Двор Екатерины был самым блестящим двором Европы. Нигде не соблюдался этикет строже, чем при ее дворе, и нигде не было выходов и приемов более торжественных и величественных, но вместе с тем нигде так не веселились и нигде не было такой искренней непринужденности, разумеется, в строгих границах. Екатерина одна умела с особенным «гениальным» тактом – если только гений может и в этом проявиться – сохранить ту неуловимую границу дозволенного, неподдельного, искреннего веселья, которая могла быть определена только ее уменьем. И это веселье не только не нарушало этикета, но, напротив, как бы придавало ему особенную прелесть и естественность.

Проделав, ко всеобщему удовольствию, фигуру «хлопушки», с неизбежным притопыванием и прищелкиванием, Нарышкин, – у которого не столько ноги танцевали, сколько вся фигура вдруг оживилась, и глаза и улыбка засветились радостным оживлением, невольно сообщавшимся всем кругом, – отвел свою даму на место и, снова поклонившись ей, проговорил скороговоркою по-французски: «Позвольте, сударыня, представить вам мое почтение. Нарышкин Лев», – добавил он с новым учтивым поклоном.

Красивая барыня в роброне цвета «подавленного вздоха» опять низко присела и, волнуясь и краснея под своими белилами, проговорила:

– Баронесса Канних!

– Ай да Лев Александрович! – сказала императрица ему, когда он подошел к ней, слегка запыхавшись и вытирая лоб платком.

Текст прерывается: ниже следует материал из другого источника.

lemma sunflower_admits_large_hosts:
  assumes "1 \<le> r" "F \<in> Hs" "uniform r F" "sunflower F" "size (snd F) < k"
  shows "\<exists>G :: nat hg. uniform r G \<and> n \<le> size (snd G) \<and> ex_num G Hs < k \<and>
           (simple_hg F \<longrightarrow> simple_hg G)"
proof -
  obtain T where T: "sunflower_kernel F T" "card T \<le> r" "simple_hg F \<longrightarrow> card T < r"
    using sunflower_kernel_exists[OF assms(4,3,1)] by blast
  define G where "G = block_sunflower (card T) (r - card T) n (card (fst F))"
  have "uniform r G"
    using uniform_block_sunflower[of "card T" "r - card T"] T(2) by (simp add: G_def)
  moreover have "n \<le> size (snd G)" by (simp add: G_def size_block_sunflower)
  moreover have "ex_num G Hs \<le> size (snd F)"
    unfolding G_def using assms(3) T(2)
    by (intro ex_num_block_sunflower_le[OF assms(2) _ T(1)]) auto
  then have "ex_num G Hs < k" using assms(5) by simp
  moreover have "simple_hg F \<longrightarrow> simple_hg G"
    using T(3) simple_block_sunflower by (simp add: G_def)
  ultimately show ?thesis by blast
qed

lemma Sup_sizes_eq_infinity:
  fixes P :: "'a hg \<Rightarrow> bool"
  assumes "\<And>n. \<exists>G. P G \<and> n \<le> size (snd G)"
  shows "Sup {enat (size (snd G)) |G. P G} = \<infinity>"
proof (rule ccontr)
  let ?S = "{enat (size (snd G)) |G. P G}"
  assume "Sup ?S \<noteq> \<infinity>"
  then obtain N where N: "Sup ?S = enat N" by (cases "Sup ?S") auto
  obtain G where "P G" "Suc N \<le> size (snd G)" using assms by blast
  then have "enat (Suc N) \<le> Sup ?S"
    by (intro Sup_upper2[of "enat (size (snd G))"]) (blast, simp)
  then show False using N by simp
qed

lemma E_star_eq_infinity:
  assumes "1 \<le> r" "F \<in> Hs" "uniform r F" "sunflower F" "size (snd F) < k"
  shows "E_star r Hs k = \<infinity>"
  unfolding E_star_def
  by (rule Sup_sizes_eq_infinity) (use sunflower_admits_large_hosts[OF assms] in blast)
lemma CC_dual_matched_by_CR_dual_int_pair:
  fixes u :: "'i::finite \<Rightarrow> 'b::real_normed_vector"
  assumes S: "\<forall>s\<in>S. bounded_linear s" and m: "m \<in> CR_dual_int S" and f: "f \<in> CC_dual S"
  obtains l p c where "l \<in> CR_dual_int S" "p \<in> CR_dual_int S"
    "eval_at u l = eval_at u (\<lambda>x. Re (c * f x))" "eval_at u p = eval_at u (\<lambda>x. Im (c * f x))"
proof -
  define E where "E = eval_at u ` CR_dual_int S"
  define fv where "fv c = (eval_at u (\<lambda>x. Re (c * f x)), eval_at u (\<lambda>x. Im (c * f x)))" for c
  define Y where "Y = span (eval_at u ` {l. linear l})"
  note lin_f = linear_Re_Im_mult[OF CC_dual_linear[OF f]]
  have "linear fv"
    by (rule linearI) (simp_all add: fv_def eval_at_def vec_eq_iff algebra_simps)
  have "(E \<times> E) \<inter> range fv \<noteq> {}"
  proof
    assume disjoint: "(E \<times> E) \<inter> range fv = {}"
    have "convex (E \<times> E)" "E \<times> E \<noteq> {}"
      using m by (auto simp: E_def intro: convex_Times convex_eval_at_CR_dual_int)
    moreover have "subspace (range fv)"
      using \<open>linear fv\<close> by (simp add: linear_subspace_image)
    \<comment> \<open>Taking the separator in the span of value vectors matters: if the u i are linearly
      dependent, some nonzero vector is orthogonal to all of them.\<close>
    ultimately obtain a where a: "a \<in> span (E \<times> E \<union> range fv)" "a \<noteq> 0"
      and nonneg: "\<And>x. x \<in> E \<times> E \<Longrightarrow> 0 \<le> a \<bullet> x" and orth: "\<And>y. y \<in> range fv \<Longrightarrow> a \<bullet> y = 0"
      using separating_hyperplane_convex_subspace disjoint by metis
    obtain a1 a2 where a12: "a = (a1, a2)"
      by fastforce
    have "E \<subseteq> Y" "range fv \<subseteq> Y \<times> Y"
      using lin_f by (auto simp: Y_def E_def fv_def CR_dual_int_iff bounded_linear.linear intro: span_base)
    then have "span (E \<times> E \<union> range fv) \<subseteq> Y \<times> Y"
      by (intro span_minimal) (auto simp: Y_def subspace_Times)
    with a(1) have "a1 \<in> Y" "a2 \<in> Y"
      unfolding a12 by auto
    then have "a1 = 0 \<and> a2 = 0"
      using nonneg orth unfolding Y_def
      by (intro CC_dual_admits_no_separator[OF S m f]) (auto simp: a12 E_def fv_def)
    with a(2) show False
      by (simp add: a12 zero_prod_def)
  qed
  then obtain l p c where "l \<in> CR_dual_int S" "p \<in> CR_dual_int S" "(eval_at u l, eval_at u p) = fv c"
    unfolding E_def by auto
  then show thesis
    using that by (simp add: fv_def)
qed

Глаза ее тоже оживились. По всему было видно, что государыня хочет показать, что ей приятно и что она в духе.

И чем заметнее это было, тем грустнее и пасмурнее становился Зубов.

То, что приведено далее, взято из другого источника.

(* Let $\langle-,-\rangle$ be a cyclic form on $C$. Then: (1) $\langle e,\mu(v_1,\dots,v_n)\rangle=0$ for $n\le m-1$; (2) $\langle\mu(v_1,\dots,v_n),\mu(w_1,\dots,w_l)\rangle=0$ for $l\le m-1$ whenever each $v_i\in\mathrm{Span}\{w_1,\dots,w_l\}$.
   Context: $k$ is a field of characteristic zero, $V$ a $k$-vector space of dimension $m\ge1$ in degree $0$, $A=\mathrm{Sym}(V)$, and $C=A^{\textup{!`}}$ its Koszul dual coalgebra, the exterior coalgebra on $sV$ with elements $\mu(v_1,\dots,v_n)=sv_1\wedge\cdots\wedge sv_n$ (in all statements the $v_i$, resp. $w_j$, are taken linearly independent), counit/coaugmentation element $e$ (the empty wedge), and coproduct $\triangle\mu(v_1,\dots,v_n)=\sum_{p=0}^n\sum_{\sigma\in Sh_{p,n-p}}\mathrm{sgn}(\sigma)\,\mu(v_{\sigma(1)},\dots,v_{\sigma(p)})\otimes\mu(v_{\sigma(p+1)},\dots,v_{\sigma(n)})$ over $(p,n-p)$-shuffles. A symmetric bilinear form of degree $-d$ on $C$ is $\langle-,-\rangle:C\otimes C\to k[d]$ with $\langle a,b\rangle=(-1)^{|a||b|}\langle b,a\rangle$; it is cyclic if $\sum\langle a,b^2\rangle b^1=\sum\langle a^1,b\rangle a^2$ for all $a,b\in C$, where $\triangle(a)=\sum a^1\otimes a^2$, $\triangle(b)=\sum b^1\otimes b^2$. *)

theory Defs
  imports "HOL-Combinatorics.Permutations"
begin

text \<open>Model: V = k^m with standard basis b_0,...,b_{m-1}; vectors are functions
  nat => k vanishing at coordinates >= m. C = exterior coalgebra on sV, with basis
  e_S = s b_{s_1} wedge ... wedge s b_{s_p} for S = {s_1 < ... < s_p} a subset of {..<m};
  an element of C is its coefficient function on such sets.  C (x) C is represented by
  coefficient functions on pairs of sets.\<close>

definition vecs :: "nat \<Rightarrow> (nat \<Rightarrow> 'k::field) set" where
  "vecs m = {x. \<forall>i\<ge>m. x i = 0}"

definition Cel :: "nat \<Rightarrow> (nat set \<Rightarrow> 'k::field) set" where
  "Cel m = {a. \<forall>S. \<not> S \<subseteq> {..<m} \<longrightarrow> a S = 0}"

definition basis_el :: "nat set \<Rightarrow> nat set \<Rightarrow> 'k::field" where
  "basis_el S = (\<lambda>T. if T = S then 1 else 0)"

definition unit_el :: "nat set \<Rightarrow> 'k::field" where
  "unit_el = basis_el {}"

text \<open>Sign of the shuffle putting T first and U second (both listed increasingly).\<close>
definition shsign :: "nat set \<Rightarrow> nat set \<Rightarrow> 'k::field" where
  "shsign T U = (-1) ^ card {(t, u). t \<in> T \<and> u \<in> U \<and> u < t}"

definition coprod :: "(nat set \<Rightarrow> 'k::field) \<Rightarrow> nat set \<Rightarrow> nat set \<Rightarrow> 'k" where
  "coprod a T U = (if T \<inter> U = {} then shsign T U * a (T \<union> U) else 0)"

text \<open>mu(v_0,...,v_{n-1}) = s v_0 wedge ... wedge s v_{n-1}, coefficient on e_S.\<close>
definition mu :: "nat \<Rightarrow> (nat \<Rightarrow> nat \<Rightarrow> 'k::field) \<Rightarrow> nat set \<Rightarrow> 'k" where
  "mu n v S = (if finite S \<and> card S = n then
      (\<Sum>p\<in>{p. p permutes {..<n}}. of_int (sign p) *
          (\<Prod>i<n. v i (sorted_list_of_set S ! p i)))
    else 0)"

text \<open>Bilinear form on C given by its values B S T = <e_S, e_T> on basis elements.\<close>
definition form :: "nat \<Rightarrow> (nat set \<Rightarrow> nat set \<Rightarrow> 'k::field)
    \<Rightarrow> (nat set \<Rightarrow> 'k) \<Rightarrow> (nat set \<Rightarrow> 'k) \<Rightarrow> 'k" where
  "form m B a b = (\<Sum>S\<in>Pow {..<m}. \<Sum>T\<in>Pow {..<m}. a S * b T * B S T)"

text \<open>Symmetric bilinear form of degree -d (degree of e_S is card S).\<close>
definition symmetric_form_deg :: "nat \<Rightarrow> int \<Rightarrow> (nat set \<Rightarrow> nat set \<Rightarrow> 'k::field) \<Rightarrow> bool" where
  "symmetric_form_deg m d B \<longleftrightarrow>
     (\<forall>S\<subseteq>{..<m}. \<forall>T\<subseteq>{..<m}.
        (B S T \<noteq> 0 \<longrightarrow> int (card S + card T) = d) \<and>
        B S T = (-1) ^ (card S * card T) * B T S)"

text \<open>Cyclicity: sum <a,b^2> b^1 = sum <a^1,b> a^2 in C, for all a, b in C.\<close>
definition cyclic_form :: "nat \<Rightarrow> (nat set \<Rightarrow> nat set \<Rightarrow> 'k::field) \<Rightarrow> bool" where
  "cyclic_form m B \<longleftrightarrow>
     (\<forall>a\<in>Cel m. \<forall>b\<in>Cel m. \<forall>X\<subseteq>{..<m}.
        (\<Sum>U\<in>Pow {..<m}. coprod b X U * form m B a (basis_el U))
      = (\<Sum>Y\<in>Pow {..<m}. coprod a Y X * form m B (basis_el Y) b))"

definition lin_indep :: "nat \<Rightarrow> (nat \<Rightarrow> nat \<Rightarrow> 'k::field) \<Rightarrow> bool" where
  "lin_indep n v \<longleftrightarrow> (\<forall>c. (\<forall>j. (\<Sum>i<n. c i * v i j) = 0) \<longrightarrow> (\<forall>i<n. c i = 0))"

definition in_span :: "nat \<Rightarrow> (nat \<Rightarrow> nat \<Rightarrow> 'k::field) \<Rightarrow> (nat \<Rightarrow> 'k) \<Rightarrow> bool" where
  "in_span l w x \<longleftrightarrow> (\<exists>c. \<forall>j. x j = (\<Sum>i<l. c i * w i j))"

end

theory Submission
  imports Defs "Jordan_Normal_Form.Determinant"
begin

(*
  Cyclicity, tested on a single basis vector X = {x}, says <a, b_x> = <a^x, b>, where b_x is the
  part of the coproduct of b whose first tensor factor is e_x, and a^x the part of the coproduct
  of a whose second factor is e_x.

  (1) For a = e_x and b = e_T with x outside T this reads 0 = <e, e_T>. So <e, e_T> vanishes for
  every T that misses a basis vector, in particular whenever card T < m, and these are the only
  basis elements occurring in mu(v_1, ..., v_n) for n < m.

  (2) Summing over x against a linear functional lam shows that contraction with lam from the
  left and from the right are adjoint for the form. As l < m, some lam kills w_1, ..., w_l, and
  some x has lam(x) = 1. Contracting mu(x, w_1, ..., w_l) from the left gives mu(w_1, ..., w_l),
  while contracting mu(v_1, ..., v_n) from the right gives 0, as lam kills every v_i in
  Span{w_j}. In coordinates both contractions are Laplace expansions of a determinant along the
  column that carries lam.
*)

section \<open>Determinants of families of columns\<close>

definition det_cols :: "nat \<Rightarrow> (nat \<Rightarrow> nat \<Rightarrow> 'a::comm_ring_1) \<Rightarrow> 'a" where
  "det_cols N F = det (mat N N (\<lambda>(i, k). F k i))"

lemma det_cols_cong:
  "(\<And>k i. k < N \<Longrightarrow> i < N \<Longrightarrow> F k i = G k i) \<Longrightarrow> det_cols N F = det_cols N G"
  unfolding det_cols_def by (intro arg_cong[of _ _ det] eq_matI) auto

lemma det_cols_expand:
  "det_cols N F = (\<Sum>p\<in>{p. p permutes {..<N}}. of_int (sign p) * (\<Prod>i<N. F (p i) i))"
  unfolding det_cols_def det_def'[OF mat_carrier] atLeast0LessThan
proof (rule sum.cong)
  fix p assume "p \<in> {p. p permutes {..<N}}"
  then have "\<And>i. i < N \<Longrightarrow> p i < N" using permutes_in_image by fastforce
  then show "signof p * (\<Prod>i<N. mat N N (\<lambda>(i, k). F k i) $$ (i, p i))
      = of_int (sign p) * (\<Prod>i<N. F (p i) i)"
    by simp
qed simp

lemma det_cols_column_expansion:
  assumes "k < N"
  shows "det_cols N (F(k := H)) = (\<Sum>i<N. H i * cofactor (mat N N (\<lambda>(i, c). F c i)) i k)"
proof -
  let ?A = "mat N N (\<lambda>(i, c). (F(k := H)) c i)"
  have "det_cols N (F(k := H)) = (\<Sum>i<N. ?A $$ (i, k) * cofactor ?A i k)"
    unfolding det_cols_def using assms by (intro laplace_expansion_column) auto
  also have "\<dots> = (\<Sum>i<N. H i * cofactor (mat N N (\<lambda>(i, c). F c i)) i k)"
  proof (intro sum.cong refl)
    fix i assume "i \<in> {..<N}"
    moreover have "mat_delete ?A i k = mat_delete (mat N N (\<lambda>(i, c). F c i)) i k"
      by (intro eq_matI) (auto simp: mat_delete_def)
    ultimately show "?A $$ (i, k) * cofactor ?A i k = H i * cofactor (mat N N (\<lambda>(i, c). F c i)) i k"
      using assms by (simp add: cofactor_def)
  qed
  finally show ?thesis .
qed

lemma det_cols_sum_column:
  assumes "k < N"
  shows "det_cols N (F(k := (\<lambda>i. \<Sum>j\<in>J. c j * G j i))) = (\<Sum>j\<in>J. c j * det_cols N (F(k := G j)))"
proof -
  let ?cof = "\<lambda>i. cofactor (mat N N (\<lambda>(i, c). F c i)) i k"
  have "det_cols N (F(k := (\<lambda>i. \<Sum>j\<in>J. c j * G j i))) = (\<Sum>i<N. \<Sum>j\<in>J. c j * (G j i * ?cof i))"
    by (simp add: det_cols_column_expansion[OF assms] sum_distrib_right mult.assoc)
  also have "\<dots> = (\<Sum>j\<in>J. \<Sum>i<N. c j * (G j i * ?cof i))"
    by (rule sum.swap)
  also have "\<dots> = (\<Sum>j\<in>J. c j * det_cols N (F(k := G j)))"
    by (simp add: det_cols_column_expansion[OF assms] sum_distrib_left)
  finally show ?thesis .
qed

lemma det_cols_zero_column:
  assumes "k < N" and "\<And>i. i < N \<Longrightarrow> F k i = 0"
  shows "det_cols N F = 0"
proof -
  have "det_cols N F = det_cols N (F(k := F k))" by simp
  also have "\<dots> = 0" using assms by (simp only: det_cols_column_expansion) simp
  finally show ?thesis .
qed

lemma det_cols_identical_columns:
  assumes "a < N" "b < N" "a \<noteq> b" and "\<And>i. i < N \<Longrightarrow> F a i = F b i"
  shows "det_cols N F = 0"
  unfolding det_cols_def
  by (rule det_identical_columns[of _ N a b]) (use assms in \<open>auto intro!: eq_vecI\<close>)

lemma det_cols_swap:
  assumes "a < N" "b < N" "a \<noteq> b"
  shows "det_cols N (\<lambda>k. if k = a then F b else if k = b then F a else F k) = - det_cols N F"
proof -
  have "swapcols a b (mat N N (\<lambda>(i, k). F k i))
      = mat N N (\<lambda>(i, k). (if k = a then F b else if k = b then F a else F k) i)"
    using assms by (intro eq_matI) (auto simp: mat_swapcols_def)
  then show ?thesis
    unfolding det_cols_def using det_swapcols[OF assms, of "mat N N (\<lambda>(i, k). F k i)"] by simp
qed

lemma det_cols_unit_first_column:
  assumes "\<And>i. i < Suc N \<Longrightarrow> F 0 i = (if i = 0 then 1 else 0)"
  shows "det_cols (Suc N) F = det_cols N (\<lambda>k i. F (Suc k) (Suc i))"
proof -
  let ?A = "mat (Suc N) (Suc N) (\<lambda>(i, k). F k i)"
  have "det ?A = (\<Sum>i<Suc N. ?A $$ (i, 0) * cofactor ?A i 0)"
    by (rule laplace_expansion_column) auto
  also have "\<dots> = cofactor ?A 0 0"
    using assms by (subst sum.remove[of _ 0]) auto
  also have "\<dots> = det (mat N N (\<lambda>(i, k). F (Suc k) (Suc i)))"
    by (simp add: cofactor_def mat_delete_def) (intro arg_cong[of _ _ det] eq_matI; simp)
  finally show ?thesis unfolding det_cols_def .
qed

lemma det_cols_move_column:
  assumes "length (xs @ a # ys @ zs) = N"
  shows "det_cols N (\<lambda>k. f ((xs @ a # ys @ zs) ! k))
       = (-1) ^ length ys * det_cols N (\<lambda>k. f ((xs @ ys @ a # zs) ! k))"
  using assms
proof (induction ys arbitrary: xs)
  case Nil
  then show ?case by simp
next
  case (Cons b ys)
  let ?k = "length xs"
  have k: "?k < N" "Suc ?k < N" using Cons.prems by auto
  have "det_cols N (\<lambda>k. f ((xs @ a # b # ys @ zs) ! k))
      = - det_cols N (\<lambda>k. f (((xs @ [b]) @ a # ys @ zs) ! k))"
  proof -
    have "det_cols N (\<lambda>k. f (((xs @ [b]) @ a # ys @ zs) ! k))
        = det_cols N (\<lambda>k. if k = ?k then f ((xs @ a # b # ys @ zs) ! Suc ?k)
            else if k = Suc ?k then f ((xs @ a # b # ys @ zs) ! ?k)
            else f ((xs @ a # b # ys @ zs) ! k))"
      by (intro det_cols_cong) (auto simp: nth_append nth_Cons')
    also have "\<dots> = - det_cols N (\<lambda>k. f ((xs @ a # b # ys @ zs) ! k))"
      using k by (intro det_cols_swap) auto
    finally show ?thesis by simp
  qed
  also have "\<dots> = - ((-1) ^ length ys * det_cols N (\<lambda>k. f ((xs @ b # ys @ a # zs) ! k)))"
    using Cons.IH[of "xs @ [b]"] Cons.prems by simp
  finally show ?case by simp
qed

section \<open>Wedge products and their coproduct\<close>

lemma mu_eq_det_cols:
  "finite S \<Longrightarrow> card S = n \<Longrightarrow> mu n v S = det_cols n (\<lambda>k i. v i (sorted_list_of_set S ! k))"
  unfolding mu_def det_cols_expand by simp

lemma mu_eq_0_unless_card: "\<not> (finite S \<and> card S = n) \<Longrightarrow> mu n v S = 0"
  unfolding mu_def by auto

lemma mu_in_Cel:
  assumes "\<forall>i<n. v i \<in> vecs m"
  shows "mu n v \<in> Cel m"
  unfolding Cel_def
proof (intro CollectI allI impI)
  fix S :: "nat set" assume "\<not> S \<subseteq> {..<m}"
  then obtain s where s: "s \<in> S" "m \<le> s" by (metis lessThan_iff not_le subsetI)
  show "mu n v S = 0"
  proof (cases "finite S \<and> card S = n")
    case True
    then obtain k where k: "k < n" "sorted_list_of_set S ! k = s"
      using s(1) by (metis in_set_conv_nth length_sorted_list_of_set set_sorted_list_of_set)
    have "det_cols n (\<lambda>k i. v i (sorted_list_of_set S ! k)) = 0"
      by (rule det_cols_zero_column[OF k(1)]) (use assms s(2) k(2) in \<open>simp add: vecs_def\<close>)
    then show ?thesis using True by (simp add: mu_eq_det_cols)
  qed (auto simp: mu_def)
qed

Музыка перестала играть. Толпа танцующих мгновенно притихла и, переговариваясь шепотом, поглядывала в сторону, где была государыня, присутствие которой чувствовалось тут. Все ждали, что сделает она и что захочет, чтобы делали другие.

Императрица бодрою походкой, тою походкой, которою она обыкновенно ходила на выходах во дворце, направилась по залу. Толпа сейчас же разделилась на две стороны, освободив широкий проход для императрицы. Она шла, кивая головою тем, кого желала удостоить этой чести, а иным протягивая руку и говоря несколько ласковых и приветливых слов. Так, с постоянными остановками, она медленно приближалась к противоположному концу зала, следя за знакомым ей изменением счастливых лиц, когда обращалась к кому-нибудь.

 

В самом конце зала, у дверей, стоял в военном мундире высокий, статный генерал, молодой еще по летам, но по задумчивому, строгому взгляду своих больших ясных черных глаз заметно переживший многое. Его открытое, смелое лицо, колоссальная фигура, дышащая мощью и силой, невольно бросались в глаза. Он стоял задумавшись, видимо, далекий и от этого бала, и ото всего, что окружало его в эту минуту.

Екатерина остановилась, как бы припоминая что-то.

– Кто это? – шепотом спросила она у Безбородко, так что только он один мог услышать ее слова.

– Граф Литта, – ответил тот также тихо, – контр-адмирал службы вашего императорского величества.

Екатерина кивнула головою, как бы говоря: «А! Знаю теперь», и остановила долгий, внимательный взгляд на молодом графе.

III. Шесть лет назад

Капитан корабля первого ранга, контр-адмирал, кавалер ордена Св. Георгия третьей степени, награжденный золотою шпагою с надписью «За храбрость», граф Литта шесть уже лет состоял на русской службе.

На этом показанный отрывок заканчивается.